I am trying to set up mysql so that a user 'imbnpandmkexby' can connect to database 'de0rllo43ct314' from any remote IP address, or locally.
=========== THESE ARE THE STEPS I'VE TAKEN: ===========
1) In my MySQL config, I have commented out the bind-address line, verified that skip-networking is not in the file, and restarted mysql:
#/etc/mysql/my.cnf:
#bind-address = 127.0.0.1
2) I added remote permissions (by using the '%') for user 'imbnpandmkexby' on the desired database 'de0rllo43ct314':
[ remote ] > mysql -u root -p
[ mysql ] > GRANT ALL PRIVILEGES ON de0rllo43ct314.* TO 'imbnpandmkexby'@'localhost' IDENTIFIED BY 'passwordhere' WITH GRANT OPTION;
[ mysql ] > GRANT ALL PRIVILEGES ON de0rllo43ct314.* TO 'imbnpandmkexby'@'127.0.0.1' IDENTIFIED BY 'passwordhere' WITH GRANT OPTION;
[ mysql ] > GRANT ALL PRIVILEGES ON de0rllo43ct314.* TO 'imbnpandmkexby'@'%' IDENTIFIED BY 'passwordhere' WITH GRANT OPTION;
[ mysql ] > FLUSH PRIVILEGES;
[ mysql ] > select * from mysql.user\G
This outputs:
*************************** 6. row ***************************
Host: localhost
User: imbnpandmkexby
Password: *0000000000000000000000
...
*************************** 7. row ***************************
Host: 127.0.0.1
User: imbnpandmkexby
Password:
...
*************************** 8. row ***************************
Host: %
User: imbnpandmkexby
Password:
...
3) At this point I can connect with an SSH tunnel using Sequel Pro. The user appears to have all the right permissions.

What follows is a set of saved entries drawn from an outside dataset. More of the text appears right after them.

section \<open>Polars of closed convex cones\<close>

lemma polar_iff:
  fixes K :: "'a::banach set"
  assumes uc: "uniformly_convex TYPE('a)" and us: "uniformly_smooth TYPE('a)"
    and K: "convex_cone K" "closed K"
  shows "x \<in> polar K \<longleftrightarrow> (\<forall>k\<in>K. duality_map x k \<le> 0)"
proof
  have "convex K" "K \<noteq> {}" using K(1) by (simp_all add: convex_cone_def)
  assume "x \<in> polar K"
  obtain c where c: "c \<in> K" and c_min: "\<And>d. d \<in> K \<Longrightarrow> norm (x - c) \<le> norm (x - d)"
    using nearest_point_exists[OF uc K(2) \<open>convex K\<close> \<open>K \<noteq> {}\<close>] by blast
  have "c = 0"
    using metric_projection_eqI[OF uc \<open>convex K\<close> c c_min] \<open>x \<in> polar K\<close> by (simp add: polar_def)
  show "\<forall>k\<in>K. duality_map x k \<le> 0"
  proof (rule ballI, rule ccontr)
    fix k assume "k \<in> K" "\<not> duality_map x k \<le> 0"
    then obtain s where "s > 0" "norm (x - s *\<^sub>R k) < norm x"
      using duality_map_descent[OF us] by (meson not_le)
    moreover have "s *\<^sub>R k \<in> K"
      using convex_cone_scaleR[OF K(1)] \<open>s > 0\<close> \<open>k \<in> K\<close> by simp
    ultimately show False
      using c_min \<open>c = 0\<close> by fastforce
  qed
next
  assume nonpos: "\<forall>k\<in>K. duality_map x k \<le> 0"
  have "convex K" using K(1) by (simp add: convex_cone_def)
  have "norm (x - 0) \<le> norm (x - d)" if "d \<in> K" for d
  proof -
    have "norm x ^ 2 \<le> duality_map x x - duality_map x d"
      using nonpos that duality_map_self[OF us, of x] by simp
    also have "\<dots> \<le> norm x * norm (x - d)"
      using abs_duality_map_le[OF us, of x "x - d"] by (simp add: blinfun.diff_right)
    finally show ?thesis
      by (cases "x = 0") (simp_all add: power2_eq_square)
  qed
  then have "metric_projection K x = 0"
    using metric_projection_eqI[OF uc \<open>convex K\<close> convex_cone_contains_0[OF K(1)]] by blast
  then show "x \<in> polar K" by (simp add: polar_def)
qed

4) Next I opened a firewall port and verified that MySQL is listening on that port:
[ remote ] > sudo iptables -I INPUT 10 -p tcp --dport 3306 -j ACCEPT
[ remote ] > sudo iptables -L
Chain INPUT (policy ACCEPT)
target prot opt source destination
ACCEPT all -- anywhere anywhere
ACCEPT all -- anywhere anywhere state RELATED,ESTABLISHED
ACCEPT tcp -- anywhere anywhere state NEW tcp dpt:4505
ACCEPT tcp -- anywhere anywhere state NEW tcp dpt:4506
ACCEPT tcp -- anywhere anywhere tcp dpt:http
ACCEPT tcp -- anywhere anywhere tcp dpt:https
ACCEPT tcp -- anywhere anywhere tcp dpt:http-alt
ACCEPT tcp -- anywhere anywhere tcp dpt:zabbix-agent
ACCEPT tcp -- anywhere anywhere tcp dpt:zabbix-trapper
ACCEPT tcp -- anywhere anywhere tcp dpt:mysql
ACCEPT tcp -- anywhere anywhere state NEW tcp dpt:ssh
ACCEPT icmp -- anywhere anywhere icmp echo-request
LOG all -- anywhere anywhere limit: avg 5/min burst 5 LOG level debug prefix "iptables denied: "

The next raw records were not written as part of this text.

(* Let $q$ be a power of an odd prime, let $E$ be an elliptic curve over $\mathbb{F}_q$ with a rational point $O$, and let $D\subset E(\mathbb{F}_q)\setminus\{O\}$ be a set of rational points with $n=|D|$. For an integer $k$ with $2\leq k\leq n-2$, let $C$ be either $C_{\Omega}(D,kO)$ or $C_{\mathcal{L}}(D,kO)$. Then the covering radius of $C$ equals either $n-\dim(C)-1$ or $n-\dim(C)$.
   Context: An elliptic curve $E$ over $\mathbb{F}_q$ is a geometrically irreducible smooth projective curve of genus $1$; $E(\mathbb{F}_q)$ denotes its rational points. For a divisor $V$, $\mathcal{L}(V)=\{f\in\mathbb{F}_q(E)^*:\mathrm{div}(f)\geq -V\}\cup\{0\}$ and $\Omega(V)$ is the space of Weil differentials $\omega$ with $\mathrm{div}(\omega)\geq V$, together with $0$. For $D=\{P_1,\dots,P_n\}\subset E(\mathbb{F}_q)$ (also viewed as the divisor $P_1+\dots+P_n$) and a divisor $G$ with support disjoint from $D$: $C_{\mathcal{L}}(D,G)=\{(f(P_1),\dots,f(P_n)):f\in\mathcal{L}(G)\}$ and $C_{\Omega}(D,G)=\{(\mathrm{res}_{P_1}(\omega),\dots,\mathrm{res}_{P_n}(\omega)):\omega\in\Omega(G-D)\}$; these two codes are dual to each other. The covering radius of a linear code $C\subseteq\mathbb{F}_q^n$ is $\rho(C)=\max_{u\in\mathbb{F}_q^n}\min_{c\in C}d(u,c)$, where $d$ is the Hamming distance. *)

theory Defs
  imports "HOL-Analysis.Analysis"
begin

text \<open>Elliptic curves are given by a (general) Weierstrass equation
  y^2 + a1 x y + a3 y = x^3 + a2 x^2 + a4 x + a6 with nonzero discriminant;
  the distinguished rational point O is the point at infinity. Every elliptic
  curve E over F_q with a rational point O has such a model with O at infinity.\<close>

record 'a weierstrass =
  wa1 :: 'a
  wa2 :: 'a
  wa3 :: 'a
  wa4 :: 'a
  wa6 :: 'a

definition discr :: "'a::comm_ring_1 weierstrass \<Rightarrow> 'a" where
  "discr W = (let a1 = wa1 W; a2 = wa2 W; a3 = wa3 W; a4 = wa4 W; a6 = wa6 W;
      b2 = a1^2 + 4*a2; b4 = 2*a4 + a1*a3; b6 = a3^2 + 4*a6;
      b8 = a1^2*a6 + 4*a2*a6 - a1*a3*a4 + a2*a3^2 - a4^2
    in - (b2^2*b8) - 8*b4^3 - 27*b6^2 + 9*b2*b4*b6)"

definition elliptic :: "'a::field weierstrass \<Rightarrow> bool" where
  "elliptic W \<longleftrightarrow> discr W \<noteq> 0"

text \<open>Affine rational points, i.e. rational points of E other than O.\<close>
definition on_curve :: "'a::comm_ring_1 weierstrass \<Rightarrow> 'a \<times> 'a \<Rightarrow> bool" where
  "on_curve W P \<longleftrightarrow> (case P of (x, y) \<Rightarrow>
     y^2 + wa1 W * x * y + wa3 W * y = x^3 + wa2 W * x^2 + wa4 W * x + wa6 W)"

text \<open>Monomials x^i y^j (j \<le> 1) with pole order 2i+3j \<le> k at O: a basis of L(kO).\<close>
definition LkO_monomials :: "nat \<Rightarrow> (nat \<times> nat) set" where
  "LkO_monomials k = {(i, j). j \<le> 1 \<and> 2*i + 3*j \<le> k}"

text \<open>The evaluation code C_L(D, kO), D given as an injective enumeration P of its points.\<close>
definition code_L :: "('n::finite \<Rightarrow> 'a::field \<times> 'a) \<Rightarrow> nat \<Rightarrow> ('a ^ 'n) set" where
  "code_L P k = {(\<chi> i. \<Sum>(a, b)\<in>LkO_monomials k. c (a, b) * fst (P i) ^ a * snd (P i) ^ b)
                  | c. True}"

definition dot :: "'a::comm_ring_1 ^ 'n::finite \<Rightarrow> 'a ^ 'n \<Rightarrow> 'a" where
  "dot u v = (\<Sum>i\<in>UNIV. u $ i * v $ i)"

definition dual_code :: "('a::field ^ 'n::finite) set \<Rightarrow> ('a ^ 'n) set" where
  "dual_code C = {u. \<forall>c\<in>C. dot u c = 0}"

text \<open>The residue code C_Omega(D, kO), realised as the dual of C_L(D, kO).\<close>
definition code_Omega :: "('n::finite \<Rightarrow> 'a::field \<times> 'a) \<Rightarrow> nat \<Rightarrow> ('a ^ 'n) set" where
  "code_Omega P k = dual_code (code_L P k)"

definition hamming :: "'a ^ 'n::finite \<Rightarrow> 'a ^ 'n \<Rightarrow> nat" where
  "hamming u v = card {i. u $ i \<noteq> v $ i}"

definition covering_radius :: "('a::finite ^ 'n::finite) set \<Rightarrow> nat" where
  "covering_radius C = Max (range (\<lambda>u. Min ((hamming u) ` C)))"

end

theory Submission
  imports Defs "HOL-Computational_Algebra.Polynomial"
begin

text \<open>A function with poles only at O is A(x) + B(x) y, and its norm (the product with its conjugate
  under P \<mapsto> -P) is a polynomial in x whose degree is the pole order and which vanishes at the
  x-coordinates of the zeros. So a nonzero f \<in> L(kO) has at most k zeros: this gives
  dim C_L(D, kO) = k, and the word of a monomial of pole order k + 1 is at distance at least
  n - k - 1 from C_L(D, kO). Sharper, dim L((m+1)O - Z) \<le> 1 for |Z| = m: otherwise it would contain
  f0, f1 of pole orders m and m + 1, and f1 / f0 would be regular with a single simple pole at O,
  impossible in genus 1 (nonsingularity enters at the 2-torsion points). Counting dimensions, a
  nonzero word orthogonal to C_L(D, jO) then has weight at least j, so a word dual to the top
  monomial of L(kO) is at distance at least k - 1 from C_Omega(D, kO). With the redundancy bound
  rho(C) \<le> n - dim C only n - dim C - 1 and n - dim C remain.\<close>

lemma linear_power_mult_dvd:
  fixes p :: "'a::field poly"
  assumes "[:-x, 1:] ^ e dvd p" "q dvd p" "poly q x \<noteq> 0"
  shows "[:-x, 1:] ^ e * q dvd p"
proof (cases "p = 0")
  case False
  obtain r where r: "p = q * r" using assms(2) by blast
  with False have "order x p = order x q + order x r" by (simp add: order_mult)
  moreover have "order x q = 0" using assms(3) by (simp add: order_root)
  ultimately have "[:-x, 1:] ^ e dvd r" using assms(1) False r by (simp add: order_divides)
  then show ?thesis using r by (simp add: mult.commute mult_dvd_mono)
qed simp

lemma prod_linear_powers_dvd:
  fixes p :: "'a::field poly"
  assumes "finite X" "\<forall>x\<in>X. [:-x, 1:] ^ e x dvd p"
  shows "(\<Prod>x\<in>X. [:-x, 1:] ^ e x) dvd p"
  using assms
proof (induction X rule: finite_induct)
  case (insert x X)
  then have "[:-x, 1:] ^ e x * (\<Prod>x\<in>X. [:-x, 1:] ^ e x) dvd p"
    by (intro linear_power_mult_dvd) (auto simp: poly_prod)
  then show ?case using insert.hyps by simp
qed simp

lemma poly_pderiv_eq_0_if_square_dvd:
  fixes p :: "'a::field poly"
  assumes "[:-x, 1:]^2 dvd p"
  shows "poly (pderiv p) x = 0"
proof -
  obtain r where "p = [:-x, 1:]^2 * r" using assms by blast
  moreover have "poly (pderiv (q^2 * r)) x = 0" if "poly q x = 0" for q
    using that by (simp add: pderiv_mult power2_eq_square)
  ultimately show ?thesis by simp
qed

lemma dvd_if_dvd_degree_ge:
  fixes p q :: "'a::field poly"
  assumes "p dvd q" "q \<noteq> 0" "degree q \<le> degree p"
  shows "q dvd p"
proof -
  obtain r where r: "q = p * r" using assms(1) by blast
  then have "degree r = 0" using assms(2,3) by (simp add: degree_mult_eq)
  then obtain c where "r = [:c:]" "c \<noteq> 0" using r assms(2) by (metis degree_eq_zeroE mult_zero_right pCons_0_0)
  then have "p = q * [:inverse c:]" using r by (simp add: mult.assoc)
  then show ?thesis by (simp only: dvd_triv_left)
qed

section \<open>Linear algebra in the coordinate space\<close>

lemma subspace_common_kernel:
  fixes U :: "('a::field ^ 'n) set"
  assumes "vec.subspace U"
    and "\<And>s x y. s \<in> S \<Longrightarrow> \<phi> s (x + y) = \<phi> s x + \<phi> s y"
    and "\<And>s c x. s \<in> S \<Longrightarrow> \<phi> s (c *s x) = c * \<phi> s x"
  shows "vec.subspace {u\<in>U. \<forall>s\<in>S. \<phi> s u = 0}"
proof -
  have "\<phi> s 0 = 0" if "s \<in> S" for s
    using assms(3)[OF that, of 0 0] by simp
  then show ?thesis using assms by (auto simp: vec.subspace_def)
qed

lemma dim_le_dim_kernel_plus_1:
  fixes U :: "('a::field ^ 'n) set"
  assumes U: "vec.subspace U"
    and add: "\<And>x y. \<phi> (x + y) = \<phi> x + \<phi> y"
    and scale: "\<And>c x. \<phi> (c *s x) = c * \<phi> x"
  shows "vec.dim U \<le> vec.dim {u\<in>U. \<phi> u = 0} + 1"
proof (cases "\<forall>u\<in>U. \<phi> u = 0")
  case True
  then have "{u\<in>U. \<phi> u = 0} = U" by auto
  then show ?thesis by simp
next
  case False
  then obtain c where c: "c \<in> U" "\<phi> c \<noteq> 0" by auto
  define U0 where "U0 = {u\<in>U. \<phi> u = 0}"
  have "U \<subseteq> vec.span (insert c U0)"
  proof
    fix u assume u: "u \<in> U"
    define a where "a = \<phi> u / \<phi> c"
    have "\<phi> (u + (- a) *s c) = 0" using c by (simp only: add scale) (simp add: a_def)
    then have "u - a *s c \<in> U0"
      using U u c by (simp add: U0_def vec.subspace_diff vec.subspace_scale vec.scale_minus_left)
    then show "u \<in> vec.span (insert c U0)"
      by (auto simp: vec.span_breakdown_eq intro: vec.span_base)
  qed
  then have "vec.dim U \<le> vec.dim (insert c U0)"
    using vec.dim_subset vec.dim_span by metis
  also have "\<dots> \<le> vec.dim U0 + 1" by (simp add: vec.dim_insert)
  finally show ?thesis by (simp add: U0_def)
qed

lemma dim_le_dim_common_kernel:
  fixes U :: "('a::field ^ 'n) set"
  assumes U: "vec.subspace U" and "finite S"
    and add: "\<And>s x y. \<phi> s (x + y) = \<phi> s x + \<phi> s y"
    and scale: "\<And>s c x. \<phi> s (c *s x) = c * \<phi> s x"
  shows "vec.dim U \<le> vec.dim {u\<in>U. \<forall>s\<in>S. \<phi> s u = 0} + card S"
  using \<open>finite S\<close>
proof (induction S rule: finite_induct)
  case (insert s S)
  define US where "US = {u\<in>U. \<forall>s\<in>S. \<phi> s u = 0}"
  have "vec.subspace US" unfolding US_def by (rule subspace_common_kernel[OF U add scale])
  then have "vec.dim US \<le> vec.dim {u\<in>US. \<phi> s u = 0} + 1"
    by (rule dim_le_dim_kernel_plus_1[OF _ add scale])
  moreover have "{u\<in>U. \<forall>t\<in>insert s S. \<phi> t u = 0} = {u\<in>US. \<phi> s u = 0}"
    by (auto simp: US_def)
  ultimately show ?case using insert US_def by simp
qed simp

lemma dim_le_dim_vanishing_coords:
  fixes U :: "('a::field ^ 'n) set"
  assumes "vec.subspace U" "finite S"
  shows "vec.dim U \<le> vec.dim {u\<in>U. \<forall>s\<in>S. u $ s = 0} + card S"
  by (rule dim_le_dim_common_kernel[OF assms]) auto

lemma card_le_dim_orthogonal:
  fixes S :: "('a::field ^ 'n) set"
  assumes "finite S"
  shows "CARD('n) \<le> vec.dim {u. \<forall>s\<in>S. dot u s = 0} + card S"
proof -
  have "vec.dim (UNIV :: ('a ^ 'n) set) \<le> vec.dim {u\<in>UNIV. \<forall>s\<in>S. dot u s = 0} + card S"
    by (rule dim_le_dim_common_kernel[OF vec.subspace_UNIV assms])
      (auto simp: dot_def sum.distrib algebra_simps sum_distrib_left)
  then show ?thesis by (simp only: vec_dim_card simp_thms Collect_mem_eq mem_Collect_eq UNIV_I)
qed

lemma exists_information_set:
  fixes C :: "('a::field ^ 'n) set"
  assumes "vec.subspace C"
  shows "\<exists>I. vec.dim C \<le> card I \<and> (\<forall>t. \<exists>c\<in>C. \<forall>i\<in>I. c $ i = t $ i)"
  using assms
proof (induction "vec.dim C" arbitrary: C rule: less_induct)
  case less
  show ?case
  proof (cases "C \<subseteq> {0}")
    case True
    then have "vec.dim C = 0" using vec.dim_subset[OF True] by simp
    then show ?thesis using less.prems vec.subspace_0 by (intro exI[of _ "{}"]) auto
  next
    case False
    then obtain c where "c \<in> C" "c \<noteq> 0" by auto
    then obtain i where c: "c \<in> C" "c $ i \<noteq> 0" by (auto simp: vec_eq_iff)
    define C' where "C' = {u\<in>C. \<forall>s\<in>{i}. u $ s = 0}"
    have C': "vec.subspace C'" unfolding C'_def
      by (rule subspace_common_kernel[OF less.prems]) auto
    have dim_C: "vec.dim C \<le> vec.dim C' + 1"
      using dim_le_dim_vanishing_coords[OF less.prems, of "{i}"] by (simp add: C'_def)
    have "C' \<subset> C" using c by (auto simp: C'_def)
    then have "vec.dim C' < vec.dim C"
      using vec.dim_psubset C' less.prems by (metis vec.span_eq_iff)
    from less.hyps[OF this C'] obtain I where
      I: "vec.dim C' \<le> card I" "\<forall>t. \<exists>c\<in>C'. \<forall>i\<in>I. c $ i = t $ i" by blast
    have "i \<notin> I"
      using I(2)[rule_format, of "\<chi> j. 1"] by (force simp: C'_def)
    show ?thesis
    proof (intro exI[of _ "insert i I"] conjI allI)
      show "vec.dim C \<le> card (insert i I)" using dim_C I(1) \<open>i \<notin> I\<close> by simp
    next
      fix t :: "'a ^ 'n"
      define a where "a = t $ i / c $ i"
      obtain c' where c': "c' \<in> C'" "\<forall>j\<in>I. c' $ j = (t - a *s c) $ j" using I(2) by blast
      have "c' + a *s c \<in> C" using c' c less.prems
        by (simp add: C'_def vec.subspace_add vec.subspace_scale)
      moreover have "\<forall>j\<in>insert i I. (c' + a *s c) $ j = t $ j"
        using c' c by (auto simp: a_def C'_def)
      ultimately show "\<exists>c\<in>C. \<forall>j\<in>insert i I. c $ j = t $ j" by blast
    qed
  qed
qed

lemma exists_dual_vector:
  fixes S :: "('a::field ^ 'n) set"
  assumes "vec.independent S" "t \<in> S"
  obtains u where "\<And>s. s \<in> S \<Longrightarrow> dot u s = (if s = t then 1 else 0)"
proof -
  obtain g :: "'a ^ 'n \<Rightarrow> 'a ^ 'n" where g: "Vector_Spaces.linear (*s) (*s) g"
    "\<forall>s\<in>S. g s = (if s = t then (\<chi> j. 1) else 0)"
    using vec.linear_independent_extend[OF assms(1), where f="\<lambda>s. if s = t then (\<chi> j. 1) else 0"]
    by blast
  define i0 :: 'n where "i0 = undefined"
  define u where "u = (\<chi> j. g (axis j 1) $ i0)"
  have "dot u s = g s $ i0" for s
  proof -
    have "g s = (\<Sum>j\<in>UNIV. s $ j *s g (axis j 1))"
      by (subst basis_expansion[symmetric, of s])
        (simp add: vec.linear_sum[OF g(1)] vec.linear_scale[OF g(1)])
    then show ?thesis by (simp add: dot_def u_def mult.commute)
  qed
  then show ?thesis using g(2) by (intro that[of u]) simp
qed

lemma independent_pair:
  fixes B :: "('a::field ^ 'n) set"
  assumes "vec.independent B" "v1 \<in> B" "v2 \<in> B" "v1 \<noteq> v2" "a *s v1 + b *s v2 = 0"
  shows "a = 0 \<and> b = 0"
proof (rule ccontr)
  have dep: "vec.dependent B" if "u = c *s v" "u \<in> B" "v \<in> B" "u \<noteq> v" for u v c
  proof -
    have "c *s v \<in> vec.span (B - {u})" using that by (intro vec.span_scale vec.span_base) auto
    then show ?thesis unfolding vec.dependent_def using that by auto
  qed
  assume "\<not> (a = 0 \<and> b = 0)"
  then consider "a \<noteq> 0" | "b \<noteq> 0" by blast
  then show False
  proof cases
    case 1
    then have "v1 = (- b / a) *s v2"
      using assms(5) by (simp add: vec_eq_iff field_simps eq_neg_iff_add_eq_0)
    then show False using dep[of v1 "- b / a" v2] assms(1-4) by blast
  next
    case 2
    then have "v2 = (- a / b) *s v1"
      using assms(5) by (simp add: vec_eq_iff field_simps eq_neg_iff_add_eq_0)
    then show False using dep[of v2 "- a / b" v1] assms(1-3) assms(4)[symmetric] by blast
  qed
qed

REJECT all -- anywhere anywhere reject-with icmp-port-unreachable
Chain FORWARD (policy ACCEPT)
target prot opt source destination
REJECT all -- anywhere anywhere reject-with icmp-port-unreachable
Chain OUTPUT (policy ACCEPT)
target prot opt source destination
ACCEPT all -- anywhere anywhere
Since this box is hosted on amazon ec2, I also opened up port 3306 in its security group:
5) I can telnet into the port:
Trying 00.00.00.000...
Connected to ec2-00.00.00.000.us-west-2.compute.amazonaws.com.
Escape character is '^]'.
=========== THIS IS WHERE I'M STUCK: ===========
00.00.00.000 shown instead of actual IP
When I try connecting to the database from my local machine, it doesn't work:
[ local ] > mysql -u imbnpandmkexby -h 00.00.00.000 -p
[ local ] > Enter password:
[ local ] > ERROR 2003 (HY000): Can't connect to MySQL server on '00.00.00.000' (61)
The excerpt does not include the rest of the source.